Hands up if you like counting things. Keep still while I count you all. Wait – arg. This isn’t working. How can I keep count? Maybe Tallywag will help me.

Tallywag is a counting machine for iOS, designed to help you count and keep track of things over time. You can set up 50 groups of related items, and four counters within each group. So if counting’s your thing, this is the app you need.

Here’s a promo vid:

https://www.youtube.com/watch?feature=player_embedded&v=FsIHaN5jlfc

Functionally, Tallywag works great. I mean, it’d be hard to go wrong with counting, right? But yeah, as far as counting goes, everything’s fine. What’s nice is the added graph view – spin your device sideways and you see your counts displayed in three different graphic views: bar chart, pie chart and line graph.

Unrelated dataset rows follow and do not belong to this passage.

lemma local_isometry_cyl_line:
  assumes "a\<^sup>2 + b\<^sup>2 = 1"
  shows "local_isometry (cyl_line \<alpha> \<beta> a b)"
  unfolding local_isometry_def
proof (intro conjI allI)
  show "range (cyl_line \<alpha> \<beta> a b) \<subseteq> cyl" by (auto simp: cyl_line_def cyl_def frac_lt_1)
  have "a\<^sup>2 \<le> 1" using assms zero_le_power2[of b] by linarith
  then have "\<bar>a\<bar> \<le> 1" by (simp add: abs_square_le_1)
  fix t
  show "\<exists>e>0. \<forall>s\<in>{t-e<..<t+e}. \<forall>s'\<in>{t-e<..<t+e}.
          cyl_dist (cyl_line \<alpha> \<beta> a b s) (cyl_line \<alpha> \<beta> a b s') = \<bar>s - s'\<bar>"
  proof (intro exI[of _ "1/4"] conjI ballI)
    fix s s' assume "s \<in> {t - 1/4<..<t + 1/4}" "s' \<in> {t - 1/4<..<t + 1/4}"
    then have "\<bar>s - s'\<bar> < 1/2" unfolding abs_less_iff by simp
    moreover have "\<bar>(s - s') * a\<bar> \<le> \<bar>s - s'\<bar>"
      using \<open>\<bar>a\<bar> \<le> 1\<close> by (simp add: abs_mult mult_left_le)
    moreover have "frac (\<alpha> + s * a) - frac (\<alpha> + s' * a) - (s - s') * a \<in> \<int>"
      by (simp add: frac_def algebra_simps)
    ultimately have "circ_dist (frac (\<alpha> + s * a)) (frac (\<alpha> + s' * a)) = \<bar>(s - s') * a\<bar>"
      by (intro circ_dist_eq_abs) auto
    moreover have "((s - s') * a)\<^sup>2 + ((s - s') * b)\<^sup>2 = (s - s')\<^sup>2"
      using assms by (simp add: power_mult_distrib flip: distrib_left)
    ultimately show "cyl_dist (cyl_line \<alpha> \<beta> a b s) (cyl_line \<alpha> \<beta> a b s') = \<bar>s - s'\<bar>"
      by (simp add: cyl_dist_def cyl_line_def algebra_simps)
  qed simp
qed

lemma local_isometry_locally_lifts:
  assumes "local_isometry \<gamma>"
  obtains e U where "e > 0" and "\<forall>s. U s - fst (\<gamma> s) \<in> \<int>"
    and "\<forall>s\<in>{t-e..t+e}. \<forall>s'\<in>{t-e..t+e}. dist (U s, snd (\<gamma> s)) (U s', snd (\<gamma> s')) = \<bar>s - s'\<bar>"
proof -
  obtain e0 where "e0 > 0" and iso0: "\<forall>s\<in>{t-e0<..<t+e0}. \<forall>s'\<in>{t-e0<..<t+e0}.
      cyl_dist (\<gamma> s) (\<gamma> s') = \<bar>s - s'\<bar>"
    using assms unfolding local_isometry_def by blast
  define e where "e = min e0 (1/4) / 2"
  have "{t-e..t+e} \<subseteq> {t-e0<..<t+e0}" using \<open>e0 > 0\<close> by (auto simp: e_def)
  then have iso: "cyl_dist (\<gamma> s) (\<gamma> s') = \<bar>s - s'\<bar>" if "s \<in> {t-e..t+e}" "s' \<in> {t-e..t+e}" for s s'
    using that iso0 by blast
  have near: "\<bar>s - t\<bar> \<le> 1/8" if "s \<in> {t-e..t+e}" for s
    using that unfolding e_def atLeastAtMost_iff abs_le_iff by linarith
  define u where "u s = fst (\<gamma> s)" for s
  define U where "U s = u s - of_int (round (u s - u t))" for s
  have U_near: "\<bar>U s - u t\<bar> \<le> 1/8" if "s \<in> {t-e..t+e}" for s
  proof -
    have "\<bar>U s - u t\<bar> = circ_dist (u s) (u t)" by (simp add: U_def circ_dist_def algebra_simps)
    also have "\<dots> \<le> \<bar>s - t\<bar>"
      using circ_dist_le_cyl_dist[of "\<gamma> s" "\<gamma> t"] iso[OF that, of t] that by (simp add: u_def)
    finally show ?thesis using near[OF that] by linarith
  qed
  show ?thesis
  proof (rule that)
    show "e > 0" using \<open>e0 > 0\<close> by (simp add: e_def)
    show "\<forall>s. U s - fst (\<gamma> s) \<in> \<int>" by (simp add: U_def u_def)
    show "\<forall>s\<in>{t-e..t+e}. \<forall>s'\<in>{t-e..t+e}. dist (U s, snd (\<gamma> s)) (U s', snd (\<gamma> s')) = \<bar>s - s'\<bar>"
    proof (intro ballI)
      fix s s' assume s: "s \<in> {t-e..t+e}" and s': "s' \<in> {t-e..t+e}"
      have "circ_dist (u s) (u s') = \<bar>U s - U s'\<bar>"
      proof (rule circ_dist_eq_abs)
        show "u s - u s' - (U s - U s') \<in> \<int>" by (simp add: U_def)
        show "\<bar>U s - U s'\<bar> < 1/2"
          using U_near[OF s] U_near[OF s'] unfolding abs_le_iff abs_less_iff by linarith
      qed
      then show "dist (U s, snd (\<gamma> s)) (U s', snd (\<gamma> s')) = \<bar>s - s'\<bar>"
        using iso[OF s s'] by (simp add: dist_Pair_Pair dist_real_def cyl_dist_def u_def)
    qed
  qed
qed

lemma local_isometry_locally_cyl_line:
  assumes "local_isometry \<gamma>"
  obtains \<alpha> \<beta> a b where "a\<^sup>2 + b\<^sup>2 = 1"
    and "eventually (\<lambda>s. \<gamma> s = cyl_line \<alpha> \<beta> a b s) (nhds t)"
proof -
  obtain e U where "e > 0" and U_lift: "\<forall>s. U s - fst (\<gamma> s) \<in> \<int>"
    and dist_lift: "\<forall>s\<in>{t-e..t+e}. \<forall>s'\<in>{t-e..t+e}.
      dist (U s, snd (\<gamma> s)) (U s', snd (\<gamma> s')) = \<bar>s - s'\<bar>"
    by (rule local_isometry_locally_lifts[OF assms, where t = t])
  define v where "v s = snd (\<gamma> s)" for s
  have "\<exists>w. norm w = 1 \<and>
      (\<forall>s\<in>{t-e..t+e}. (U s, v s) = (U (t-e), v (t-e)) + (s - (t-e)) *\<^sub>R w)"
    using \<open>e > 0\<close> dist_lift unfolding v_def by (intro isometry_on_interval_affine) auto
  then obtain w where w: "norm w = 1"
    and aff: "\<And>s. s \<in> {t-e..t+e} \<Longrightarrow> (U s, v s) = (U (t-e), v (t-e)) + (s - (t-e)) *\<^sub>R w"
    by blast
  have "\<gamma> s \<in> cyl" for s using assms by (auto simp: local_isometry_def)
  then have "frac (U s) = fst (\<gamma> s)" for s
    using U_lift by (simp add: frac_unique_iff cyl_def mem_Times_iff)
  then have \<gamma>_via_lift: "\<gamma> s = (frac (U s), v s)" for s by (simp add: v_def)
  define \<alpha> where "\<alpha> = U (t-e) - (t-e) * fst w"
  define \<beta> where "\<beta> = v (t-e) - (t-e) * snd w"
  have "\<gamma> s = cyl_line \<alpha> \<beta> (fst w) (snd w) s" if "s \<in> {t-e..t+e}" for s
  proof -
    have "U s = \<alpha> + s * fst w" "v s = \<beta> + s * snd w"
      using aff[OF that] by (simp_all add: \<alpha>_def \<beta>_def prod_eq_iff algebra_simps)
    then show ?thesis by (simp add: \<gamma>_via_lift cyl_line_def)
  qed
  moreover have "eventually (\<lambda>s. s \<in> {t-e<..<t+e}) (nhds t)"
    using \<open>e > 0\<close> by (intro eventually_nhds_in_open) auto
  ultimately have "eventually (\<lambda>s. \<gamma> s = cyl_line \<alpha> \<beta> (fst w) (snd w) s) (nhds t)"
    by (auto elim!: eventually_mono)
  moreover have "(fst w)\<^sup>2 + (snd w)\<^sup>2 = 1"
    using w by (metis norm_Pair prod.collapse real_norm_def real_sqrt_eq_1_iff power2_abs)
  ultimately show ?thesis using that by blast
qed

lemma cyl_line_eq_if_eventually_eq:
  assumes "eventually (\<lambda>s. cyl_line \<alpha> \<beta> a b s = cyl_line \<alpha>' \<beta>' a' b' s) (nhds c)"
  shows "cyl_line \<alpha> \<beta> a b = cyl_line \<alpha>' \<beta>' a' b'"
proof -
  obtain d where "d > 0" and eq: "\<And>s. \<bar>s - c\<bar> < d \<Longrightarrow> cyl_line \<alpha> \<beta> a b s = cyl_line \<alpha>' \<beta>' a' b' s"
    using assms unfolding eventually_nhds_metric dist_real_def by blast
  have "(\<beta> - \<beta>') + s * (b - b') \<in> \<int>" if "\<bar>s - c\<bar> < d" for s
    using eq[OF that] by (simp add: cyl_line_def algebra_simps)
  then have "b = b'" using affine_Ints_valued_imp_const[OF \<open>d > 0\<close>] by force
  moreover have "\<beta> = \<beta>'" using eq[of c] \<open>d > 0\<close> \<open>b = b'\<close> by (simp add: cyl_line_def)
  moreover have Ints: "(\<alpha> - \<alpha>') + s * (a - a') \<in> \<int>" if "\<bar>s - c\<bar> < d" for s
  proof -
    have "frac (\<alpha> + s * a) = frac (\<alpha>' + s * a')" using eq[OF that] by (simp add: cyl_line_def)
    then have "(\<alpha> + s * a) - (\<alpha>' + s * a') \<in> \<int>" by (simp add: frac_eq_frac_iff)
    then show ?thesis by (simp add: algebra_simps)
  qed
  then have "a = a'" using affine_Ints_valued_imp_const[OF \<open>d > 0\<close>] by force
  moreover have "\<alpha> - \<alpha>' \<in> \<int>" using Ints[of c] \<open>d > 0\<close> \<open>a = a'\<close> by simp
  then have "frac (\<alpha> + s * a) = frac (\<alpha>' + s * a)" for s
    using frac_add_int_right[of "\<alpha> - \<alpha>'" "\<alpha>' + s * a"] by (simp add: algebra_simps)
  ultimately show ?thesis by (simp add: cyl_line_def fun_eq_iff)
qed

lemma local_isometry_eq_cyl_line:
  assumes "local_isometry \<gamma>"
  obtains \<alpha> \<beta> a b where "a\<^sup>2 + b\<^sup>2 = 1" "\<gamma> = cyl_line \<alpha> \<beta> a b"
proof -
  let ?K = "{cyl_line \<alpha> \<beta> a b | \<alpha> \<beta> a b. a\<^sup>2 + b\<^sup>2 = 1}"
  have "\<exists>k\<in>?K. \<gamma> = k"
  proof (rule connected_eq_if_locally_in_family)
    show "\<exists>k\<in>?K. eventually (\<lambda>s. \<gamma> s = k s) (nhds t)" for t
    proof -
      obtain \<alpha> \<beta> a b where "a\<^sup>2 + b\<^sup>2 = 1" "eventually (\<lambda>s. \<gamma> s = cyl_line \<alpha> \<beta> a b s) (nhds t)"
        by (rule local_isometry_locally_cyl_line[OF assms])
      then show ?thesis by blast
    qed
    show "k = k'" if "k \<in> ?K" "k' \<in> ?K" "eventually (\<lambda>s. k s = k' s) (nhds t)" for k k' t
      using that by (auto intro: cyl_line_eq_if_eventually_eq)
  qed simp
  then show ?thesis using that by blast
qed

(* The non-horizontal geodesics, as graphs over the height axis; m = 0 gives the vertical lines. *)
definition slanted :: "real \<Rightarrow> real \<Rightarrow> (real \<times> real) set" where
  "slanted c m = range (\<lambda>y. (frac (c + m * y), y))"

lemma range_cyl_line_horizontal:
  assumes "a\<^sup>2 = 1"
  shows "range (cyl_line \<alpha> \<beta> a 0) = horizontal \<beta>"
proof
  show "range (cyl_line \<alpha> \<beta> a 0) \<subseteq> horizontal \<beta>"
    by (auto simp: cyl_line_def horizontal_def frac_lt_1)
  show "horizontal \<beta> \<subseteq> range (cyl_line \<alpha> \<beta> a 0)"
  proof
    fix p assume "p \<in> horizontal \<beta>"
    then obtain x where "x \<in> {0..<1}" "p = (x, \<beta>)" by (auto simp: horizontal_def)
    moreover have "a \<noteq> 0" using assms by auto
    ultimately have "cyl_line \<alpha> \<beta> a 0 ((x - \<alpha>) / a) = p" by (simp add: cyl_line_def)
    then show "p \<in> range (cyl_line \<alpha> \<beta> a 0)" by (metis rangeI)
  qed
qed

lemma range_cyl_line_slanted:
  assumes "b \<noteq> 0"
  shows "range (cyl_line \<alpha> \<beta> a b) = slanted (\<alpha> - a * \<beta> / b) (a / b)"
proof -
  have eq: "\<alpha> - a * \<beta> / b + a / b * (\<beta> + s * b) = \<alpha> + s * a" for s
    using assms by (simp add: field_simps)
  have "cyl_line \<alpha> \<beta> a b = (\<lambda>y. (frac (\<alpha> - a * \<beta> / b + a / b * y), y)) \<circ> (\<lambda>s. \<beta> + s * b)"
    unfolding fun_eq_iff comp_def cyl_line_def eq by simp
  moreover have "surj (\<lambda>s. \<beta> + s * b)"
    by (rule surjI[of _ "\<lambda>y. (y - \<beta>) / b"]) (simp add: assms)
  ultimately show ?thesis unfolding slanted_def by (simp only: image_comp[symmetric])
qed
lemma affine_bij_image_ising_subset:
  fixes \<sigma> :: "real^'n^'n \<Rightarrow> real^'n^'n"
  assumes aff: "affine_on elliptope \<sigma>" and bij: "bij_betw \<sigma> elliptope elliptope"
  shows "\<sigma> ` ising \<subseteq> ising"
proof
  fix Z assume "Z \<in> \<sigma> ` ising"
  then obtain X where X: "X \<in> ising" "Z = \<sigma> X" by blast
  have Z: "Z \<in> elliptope" using X ising_subset_elliptope bij by (auto simp: bij_betw_def)
  show "Z \<in> ising"
  proof (rule ccontr)
    assume "Z \<notin> ising"
    then obtain Y Y' where Y: "Y \<in> elliptope" "Y' \<in> elliptope"
      and far: "2 * real CARD('n) ^ 4 * entry_l1 (Z - midpoint Y Y') < entry_l1 (Z - Y)"
      using not_ising_imp_far_chord_near_midpoint[OF Z, of "2 * real CARD('n) ^ 4"] by auto
    with affine_bij_image_ising_sharp[OF aff bij X(1) Y] X(2) show False by simp
  qed
qed

theorem lemma5:
  fixes \<sigma> :: "real^'n^'n \<Rightarrow> real^'n^'n"
  assumes "affine_on elliptope \<sigma>"
    and "bij_betw \<sigma> elliptope elliptope"
  shows "\<sigma> ` ising = ising"
proof
  show "\<sigma> ` ising \<subseteq> ising" by (rule affine_bij_image_ising_subset[OF assms])
  let ?\<tau> = "inv_into elliptope \<sigma>"
  have "affine_on elliptope ?\<tau>"
    using affine_on_inv_into[OF convex_elliptope assms(1)] assms(2) by (simp add: bij_betw_def)
  then have "?\<tau> ` ising \<subseteq> ising"
    by (rule affine_bij_image_ising_subset[OF _ bij_betw_inv_into[OF assms(2)]])
  moreover have "Z = \<sigma> (?\<tau> Z)" if "Z \<in> ising" for Z
    using that ising_subset_elliptope assms(2) by (auto simp: bij_betw_def f_inv_into_f)
  ultimately show "ising \<subseteq> \<sigma> ` ising" by blast
qed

The longer you spend counting stuff, the more useful these charts become. It’s possible to select a particular date range if you want the charts to zoom in on some detail. Each chart is sharable by email, Facebook or Twitter. They can be saved as images to the Camera Roll too.

These graphs are pretty neat

So yeah. Functionally? Great. But is it actually that useful? I think it is, but you might need to apply your mind a little. I did. For quite a while, I simply couldn’t think of any things I needed to count. Turns out, I don’t spend my life counting much stuff. But it’s important to remember that Tallywag doesn’t just count, it counts over time. So you can use it to monitor reoccurring events and the dates they occur on – even if you’re not interested in how many of them there are, but simply when and how often they happen.

The people behind the app suggest that it might open new counting-related doors for you. That you might start keeping count of certain things in your life that you may not have bothered to count before, simply because you now have a convenient way of doing it.

After a bit of thought, I was able to come up with some things worth counting. How often I exercise, and how often my home wifi goes offline (Almost. Every. Day.), and so on. Things that I was counting before, but not always very effectively or efficiently.

Tallywag is an odd little thing. It’s good at what it does (which, for a dollar, makes it good value for money), but you might find yourself wondering what you might ever use it for.

Pro: Counts like a pro.

Con: Pro-level counting is an acquired taste.